Problem to solve: Using the entries that follow, collect the lines where the word "lemma" appears.
◇ ◇ ◇
(* Fix $\omega\in\Omega_*$. Let $h:\mathbb R^d\to\mathbb R$ be continuous with $|h(x)|\le c/(1+|x|^{d+1})$ for all $x$ and some constant $c$, and suppose $h^\varepsilon_\omega\in L^2(\mu^\varepsilon_\omega)$ converges strongly to $h\in L^2(m\,dx)$. Then $$\lim_{\varepsilon\downarrow0}\int_{\mathbb R^d}|h^\varepsilon_\omega(x)-h(x)|^2\mu^\varepsilon_\omega(dx)=0 .$$
   Context: Setting: $d\ge2$, $c_0>0$, $\mathbb E_d$ non-oriented nearest-neighbour bonds of $\mathbb Z^d$, $\Omega=[0,c_0]^{\mathbb E_d}$ (product topology), $\omega(x,y)=\omega(\{x,y\})$, $\tau_x\omega(\{y,z\})=\omega(\{y+x,z+x\})$. $\mathbb Q$ Borel probability on $\Omega$, invariant and ergodic under $(\tau_x)$. $\Omega_0$: the $\omega$ for which the graph of bonds with $\omega(b)>0$ has a unique infinite cluster, vertex set $\mathcal C(\omega)$; $\mathbb Q(\Omega_0)=1$; $m=\mathbb Q(0\in\mathcal C(\omega))$. $\mathcal B=\{e\in\mathbb Z^d:|e|=1\}$. $\mu^\varepsilon_\omega=\varepsilon^d\sum_{x\in\mathcal C(\omega)}\delta_{\varepsilon x}$. Convergence: $g^\varepsilon\in L^2(\mu^\varepsilon_\omega)$ converges weakly to $g\in L^2(m\,dx)$ if $\sup_\varepsilon\|g^\varepsilon\|_{L^2(\mu^\varepsilon_\omega)}<\infty$ and $\int g^\varepsilon\varphi\,d\mu^\varepsilon_\omega\to\int g\varphi\,m\,dx$ for all $\varphi\in C_c^\infty(\mathbb R^d)$; it converges strongly if $\sup_\varepsilon\|g^\varepsilon\|<\infty$ and $\int g^\varepsilon\varphi^\varepsilon d\mu^\varepsilon_\omega\to\int g\varphi\,m\,dx$ for every family $\varphi^\varepsilon\in L^2(\mu^\varepsilon_\omega)$ converging weakly to $\varphi$. $\mu(d\omega)=\mathbb 1_{\{0\in\mathcal C(\omega)\}}\mathbb Q(d\omega)$; $\int v\,dM=\sum_{e\in\mathcal B}\int\omega(0,e)v(\omega,e)\mu(d\omega)$; $\hat\omega(0,e)=\mathbb 1_{\{\omega(0,e)>0\}}$; $\nabla^{(\omega)}u(\omega,e)=\hat\omega(0,e)[u(\tau_e\omega)-u(\omega)]$; $\nabla^{(\omega)*}v(\omega)=\sum_e\omega(0,e)[v(\omega,e)-v(\tau_e\omega,-e)]$; $L^2_{\rm sol}(M)$ is the orthogonal complement of the closure of gradients of local functions. Regular environments: fix $(\psi_j)$ dense in $L^2_{\rm sol}(M)$ (fixed representatives), $\Psi_{j,e}(\omega)=\sqrt{\omega(0,e)}\psi_j(\omega,e)$, and continuous $f^{(k)}_{j,e}\to\Psi_{j,e}$ in $L^2(\mu)$. $\Omega_{*,j}$: $\omega\in\Omega_0$ with $\nabla^{(\omega)*}\psi_j(\tau_x\omega)=0$ for all $x\in\mathcal C(\omega)$ and $\lim_{\varepsilon\downarrow0}\int_{[-n,n]^d}(f^{(k)}_{j,e}-\Psi_{j,e})^2(\tau_{z/\varepsilon}\omega)\mu^\varepsilon_\omega(dz)=(2n)^d\|f^{(k)}_{j,e}-\Psi_{j,e}\|^2_{L^2(\mu)}$ for all $e,k,n$. $\Omega_1$: $\omega\in\Omega_0$ with $\mu^\varepsilon_\omega([-\ell,\ell]^d)\to m(2\ell)^d$ for all $\ell>0$ and $\int\varphi(z)u(\tau_{z/\varepsilon}\omega)\mu^\varepsilon_\omega(dz)\to\int\varphi\,dz\int u\,d\mu$ for all $\varphi\in C_c(\mathbb R^d)$, $u\in C(\Omega)$. $\Omega_*=\Omega_1\cap\bigcap_j\Omega_{*,j}$. *)

theory Defs
  imports "HOL-Analysis.Analysis" "HOL-Probability.Probability"
begin

type_synonym 'd env = "(int ^ 'd) set \<Rightarrow> real"

definition unitB :: "(int ^ 'd::finite) set" where
  "unitB = {e. (\<Sum>i\<in>UNIV. (e $ i)^2) = 1}"

definition bonds :: "(int ^ 'd::finite) set set" where
  "bonds = {{x, y} | x y. y - x \<in> unitB}"

text \<open>Omega = [0,c0]^(E_d) with the product sigma-algebra (= Borel sigma-algebra of the
  product topology, since the product is countable).\<close>
definition OmegaM :: "real \<Rightarrow> ('d::finite) env measure" where
  "OmegaM c0 = PiM bonds (\<lambda>_. restrict_space borel {0..c0})"

definition Omega :: "real \<Rightarrow> ('d::finite) env set" where
  "Omega c0 = space (OmegaM c0)"
(* Fix an undirected unweighted graph $G=(V,E)$ on $N$ vertices and $\delta\in[0,1]$. Let $r_1=1$ and $r_2\ge r_1$. There exists a coupling of two mixed $\delta$-updating chains $(S_t^{(1)})_{t\ge0}$ with mutant fitness $r_1$ and $(S_t^{(2)})_{t\ge0}$ with mutant fitness $r_2$, both started from the same $S_0\subseteq V$, such that $S_t^{(2)}\supseteq S_t^{(1)}$ for all $t\ge0$.
   Context: Mixed $\delta$-updating with mutant fitness $r$ on $G$: $S_t$ is the set of mutants after $t$ steps; each mutant has fitness $r$ and each wild-type fitness $1$; $f_S(x)$ is the fitness at $x$ when $S$ is the mutant set. At each step, with probability $\delta$ a death-Birth step: choose $v$ uniformly to die, choose a neighbor $u$ of $v$ with probability proportional to $f_S(u)$, $u$ copies its type onto $v$; with probability $1-\delta$ a Birth-death step: choose $u$ with probability proportional to $f_S(u)$ among all vertices, choose a uniformly random neighbor $v$ of $u$, $u$ copies its type onto $v$. *)

theory Defs
  imports "HOL-Probability.Probability"
begin

definition nbrs :: "'a set \<Rightarrow> ('a \<Rightarrow> 'a \<Rightarrow> bool) \<Rightarrow> 'a \<Rightarrow> 'a set" where
  "nbrs V E x = {y \<in> V. E x y}"

definition fit :: "real \<Rightarrow> 'a set \<Rightarrow> 'a \<Rightarrow> real" where
  "fit r S x = (if x \<in> S then r else 1)"

definition wchoice :: "('a \<Rightarrow> real) \<Rightarrow> 'a set \<Rightarrow> 'a pmf" where
  "wchoice w A = embed_pmf (\<lambda>x. if x \<in> A then w x / (\<Sum>y\<in>A. w y) else 0)"

definition copy_type :: "'a set \<Rightarrow> 'a \<Rightarrow> 'a \<Rightarrow> 'a set" where
  "copy_type S u v = (if u \<in> S then insert v S else S - {v})"

definition dB_step :: "'a set \<Rightarrow> ('a \<Rightarrow> 'a \<Rightarrow> bool) \<Rightarrow> real \<Rightarrow> 'a set \<Rightarrow> 'a set pmf" where
  "dB_step V E r S = bind_pmf (pmf_of_set V) (\<lambda>v.
     if nbrs V E v = {} then return_pmf S
     else bind_pmf (wchoice (fit r S) (nbrs V E v)) (\<lambda>u. return_pmf (copy_type S u v)))"

definition Bd_step :: "'a set \<Rightarrow> ('a \<Rightarrow> 'a \<Rightarrow> bool) \<Rightarrow> real \<Rightarrow> 'a set \<Rightarrow> 'a set pmf" where
  "Bd_step V E r S = bind_pmf (wchoice (fit r S) V) (\<lambda>u.
     if nbrs V E u = {} then return_pmf S
     else bind_pmf (pmf_of_set (nbrs V E u)) (\<lambda>v. return_pmf (copy_type S u v)))"

definition mixed_step :: "real \<Rightarrow> 'a set \<Rightarrow> ('a \<Rightarrow> 'a \<Rightarrow> bool) \<Rightarrow> real \<Rightarrow> 'a set \<Rightarrow> 'a set pmf" where
  "mixed_step \<delta> V E r S = bind_pmf (bernoulli_pmf \<delta>) (\<lambda>b.
     if b then dB_step V E r S else Bd_step V E r S)"

text \<open>X is (on the probability space M) a Markov chain with kernel K started at S0:
  all finite-dimensional distributions are the ones of the chain.\<close>
definition is_markov_chain ::
  "'b measure \<Rightarrow> (nat \<Rightarrow> 'b \<Rightarrow> 's) \<Rightarrow> ('s \<Rightarrow> 's pmf) \<Rightarrow> 's \<Rightarrow> bool" where
  "is_markov_chain M X K s0 \<longleftrightarrow>
     (\<forall>t. X t \<in> measurable M (count_space UNIV)) \<and>
     (\<forall>n (hs :: 's list). length hs = Suc n \<longrightarrow>
        measure M {\<omega> \<in> space M. \<forall>i\<le>n. X i \<omega> = hs ! i}
        = (if hs ! 0 = s0 then 1 else 0) * (\<Prod>i<n. pmf (K (hs ! i)) (hs ! Suc i)))"

end

theory Submission
  imports Defs
begin

(* Couple the two chains step by step so that the inclusion S1 \<subseteq> S2 is preserved; both chains
   use the same delta-coin.

   death-Birth: both chains kill the same vertex v.  The new type of v is a coin whose bias is
   the probability of choosing a mutant neighbour; it is larger in the second chain, which has
   more mutants and fitter ones, so the coins can be coupled monotonically.

   Birth-death: the first chain picks its parent uniformly, while the parent law of the second
   chain is a mixture of the uniform laws on V and on S2.  Hence the parents can be coupled to be
   equal, or the first one wild-type and the second one a mutant.  In the first case both copy
   onto the same neighbour; in the second the first chain can only lose mutants and the second
   only gain them.

   A one-step coupling preserving a relation on a finite state space extends to the whole
   chains: iterate i.i.d. random maps drawn from the product of the one-step couplings. *)

lemma pmf_wchoice:
  assumes "finite A" "\<And>x. x \<in> A \<Longrightarrow> w x > 0" "A \<noteq> {}"
  shows "pmf (wchoice w A) x = (if x \<in> A then w x / (\<Sum>y\<in>A. w y) else 0)"
proof -
  let ?f = "\<lambda>x. if x \<in> A then w x / (\<Sum>y\<in>A. w y) else 0"
  have total_pos: "(\<Sum>y\<in>A. w y) > 0" using assms by (intro sum_pos) auto
  have weight_nonneg: "0 \<le> w x / (\<Sum>y\<in>A. w y)" if "x \<in> A" for x
    using that assms(2) total_pos by (simp add: less_imp_le)
  then have nonneg: "0 \<le> ?f x" for x by simp
  have "(\<integral>\<^sup>+x. ennreal (?f x) \<partial>count_space UNIV) = (\<Sum>x\<in>A. ennreal (?f x))"
    using assms by (intro nn_integral_count_space') auto
  also have "\<dots> = ennreal (\<Sum>x\<in>A. w x / (\<Sum>y\<in>A. w y))"
    using weight_nonneg by (subst sum_ennreal) auto
  also have "(\<Sum>x\<in>A. w x / (\<Sum>y\<in>A. w y)) = 1"
    using total_pos by (simp add: sum_divide_distrib[symmetric])
  finally show ?thesis unfolding wchoice_def using nonneg by (subst pmf_embed_pmf) auto
qed

lemma measure_wchoice:
  assumes "finite A" "\<And>x. x \<in> A \<Longrightarrow> w x > 0" "A \<noteq> {}"
  shows "measure_pmf.prob (wchoice w A) S = (\<Sum>y\<in>A \<inter> S. w y) / (\<Sum>y\<in>A. w y)"
proof -
  have "set_pmf (wchoice w A) \<subseteq> A"
    by (auto simp: set_pmf_iff pmf_wchoice[OF assms] split: if_splits)
  then have "S \<inter> set_pmf (wchoice w A) = (A \<inter> S) \<inter> set_pmf (wchoice w A)" by auto
  then have "measure_pmf.prob (wchoice w A) S = measure_pmf.prob (wchoice w A) (A \<inter> S)"
    by (metis measure_Int_set_pmf)
  also have "\<dots> = (\<Sum>y\<in>A \<inter> S. pmf (wchoice w A) y)"
    using assms(1) by (simp add: measure_measure_pmf_finite)
  also have "\<dots> = (\<Sum>y\<in>A \<inter> S. w y) / (\<Sum>y\<in>A. w y)"
    using assms by (simp add: pmf_wchoice sum_divide_distrib)
  finally show ?thesis .
qed

lemma wchoice_const_1:
  assumes "finite A" "A \<noteq> {}"
  shows "wchoice (\<lambda>_. 1) A = pmf_of_set A"
  by (rule pmf_eqI) (use assms in \<open>simp add: pmf_wchoice\<close>)

lemma fit_1 [simp]: "fit 1 S = (\<lambda>_. 1)"
  by (auto simp: fit_def)

lemma fit_pos: "r \<ge> 1 \<Longrightarrow> fit r S x > 0"
  by (auto simp: fit_def)

lemma sum_fit:
  assumes "finite N"
  shows "(\<Sum>y\<in>N. fit r B y) = r * card (N \<inter> B) + card (N - B)"
  using assms by (simp add: sum.Int_Diff[of N _ B] fit_def)
(* Let $X\sim\mu$ and let $\xi$ be a random vector in $\mathbb{R}^k$ independent of $X$ with $\mathbb{E}[\xi]=0$ and finite variance. Set $Y=h_\Theta(X)+\xi$ where $h_\Theta(x)=\Theta^\top x$, $\Theta\in\mathbb{R}^{d\times k}$, is $\mathcal{G}$-equivariant. Then for all $W\in\mathbb{R}^{d\times k}$, \[R[f_W]-R[f_{\overline W}]:=\mathbb{E}[\|Y-f_W(X)\|_2^2]-\mathbb{E}[\|Y-f_{\overline W}(X)\|_2^2]=\|\Sigma^{1/2}W^\perp\|_F^2,\] where $\overline W=\Psi(W)$, $W^\perp=W-\Psi(W)$ and $\Sigma=\mathbb{E}[XX^\top]$.
   Context: $\mathcal{G}$ is a compact, second countable, Hausdorff topological group with Haar probability measure $\lambda$, with measurable orthogonal representations $\phi$ on $\mathcal{X}=\mathbb{R}^d$ and $\psi$ on $\mathcal{Y}=\mathbb{R}^k$ (both with Euclidean inner product). $\mu$ is a $\mathcal{G}$-invariant probability measure on $\mathbb{R}^d$ such that $\Sigma=\mathbb{E}[XX^\top]$ ($X\sim\mu$) is finite and positive definite. For $W\in\mathbb{R}^{d\times k}$, $f_W(x)=W^\top x$. A map $h:\mathbb{R}^d\to\mathbb{R}^k$ is $\mathcal{G}$-equivariant if $h(\phi(g)x)=\psi(g)h(x)$ for all $g,x$. $\Psi:\mathbb{R}^{d\times k}\to\mathbb{R}^{d\times k}$ is $\Psi(W)=\int_\mathcal{G}\phi(g)W\psi(g^{-1})\,d\lambda(g)$. $\|\cdot\|_F$ is the Frobenius norm. *)

theory Defs
  imports "HOL-Analysis.Analysis" "HOL-Probability.Probability" "HOL-Algebra.Group"
begin

definition borel_of :: "'a topology \<Rightarrow> 'a measure" where
  "borel_of T = sigma (topspace T) {U. openin T U}"

definition compact_sc_hausdorff_topological_group :: "('g, 'b) monoid_scheme \<Rightarrow> 'g topology \<Rightarrow> bool" where
  "compact_sc_hausdorff_topological_group G T \<longleftrightarrow>
     group G \<and> topspace T = carrier G \<and>
     continuous_map (prod_topology T T) T (\<lambda>(x, y). x \<otimes>\<^bsub>G\<^esub> y) \<and>
     continuous_map T T (\<lambda>x. inv\<^bsub>G\<^esub> x) \<and>
     compact_space T \<and> second_countable T \<and> Hausdorff_space T"

definition haar_probability :: "('g, 'b) monoid_scheme \<Rightarrow> 'g topology \<Rightarrow> 'g measure \<Rightarrow> bool" where
  "haar_probability G T lam \<longleftrightarrow>
     prob_space lam \<and> sets lam = sets (borel_of T) \<and> space lam = carrier G \<and>
     (\<forall>g \<in> carrier G. \<forall>A \<in> sets lam. measure lam ((\<lambda>x. g \<otimes>\<^bsub>G\<^esub> x) ` A) = measure lam A)"

definition measurable_orthogonal_rep ::
  "('g, 'b) monoid_scheme \<Rightarrow> 'g measure \<Rightarrow> ('g \<Rightarrow> real^'n^'n) \<Rightarrow> bool" where
  "measurable_orthogonal_rep G lam \<phi> \<longleftrightarrow>
     \<phi> \<in> borel_measurable lam \<and>
     (\<forall>g \<in> carrier G. orthogonal_matrix (\<phi> g)) \<and>
     (\<forall>g \<in> carrier G. \<forall>h \<in> carrier G. \<phi> (g \<otimes>\<^bsub>G\<^esub> h) = \<phi> g ** \<phi> h) \<and>
     \<phi> \<one>\<^bsub>G\<^esub> = mat 1"

definition equivariant ::
  "('g, 'b) monoid_scheme \<Rightarrow> ('g \<Rightarrow> real^'d^'d) \<Rightarrow> ('g \<Rightarrow> real^'k^'k) \<Rightarrow> (real^'d \<Rightarrow> real^'k) \<Rightarrow> bool" where
  "equivariant G \<phi> \<psi> h \<longleftrightarrow> (\<forall>g \<in> carrier G. \<forall>x. h (\<phi> g *v x) = \<psi> g *v h x)"

definition invariant_measure ::
  "('g, 'b) monoid_scheme \<Rightarrow> ('g \<Rightarrow> real^'d^'d) \<Rightarrow> (real^'d) measure \<Rightarrow> bool" where
  "invariant_measure G \<phi> \<mu> \<longleftrightarrow> (\<forall>g \<in> carrier G. distr \<mu> borel (\<lambda>x. \<phi> g *v x) = \<mu>)"

definition indep_rvs :: "'w measure \<Rightarrow> ('w \<Rightarrow> 'a::topological_space) \<Rightarrow> ('w \<Rightarrow> 'b::topological_space) \<Rightarrow> bool" where
  "indep_rvs M X Z \<longleftrightarrow>
     (\<forall>A \<in> sets borel. \<forall>B \<in> sets borel.
        measure M (X -` A \<inter> Z -` B \<inter> space M) = measure M (X -` A \<inter> space M) * measure M (Z -` B \<inter> space M))"

definition lin_model :: "real^'k^'d \<Rightarrow> real^'d \<Rightarrow> real^'k" where
  "lin_model W x = transpose W *v x"

definition Psi ::
  "('g, 'b) monoid_scheme \<Rightarrow> 'g measure \<Rightarrow> ('g \<Rightarrow> real^'d^'d) \<Rightarrow> ('g \<Rightarrow> real^'k^'k) \<Rightarrow> real^'k^'d \<Rightarrow> real^'k^'d" where
  "Psi G lam \<phi> \<psi> W = (\<integral>g. \<phi> g ** W ** \<psi> (inv\<^bsub>G\<^esub> g) \<partial>lam)"

definition outer :: "real^'d \<Rightarrow> real^'d \<Rightarrow> real^'d^'d" where
  "outer x y = (\<chi> i j. x $ i * y $ j)"

definition frobenius_norm :: "real^'k^'d \<Rightarrow> real" where
  "frobenius_norm A = sqrt (\<Sum>i\<in>UNIV. \<Sum>j\<in>UNIV. (A $ i $ j)^2)"

definition symmetric_matrix :: "real^'n^'n \<Rightarrow> bool" where
  "symmetric_matrix A \<longleftrightarrow> transpose A = A"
◇ ◇ ◇
Answer area:
lemma pmf_wchoice:
lemma measure_wchoice:
lemma wchoice_const_1:
lemma fit_1 [simp]: "fit 1 S = (\<lambda>_. 1)"
lemma fit_pos: "r \<ge> 1 \<Longrightarrow> fit r S x > 0"
lemma sum_fit:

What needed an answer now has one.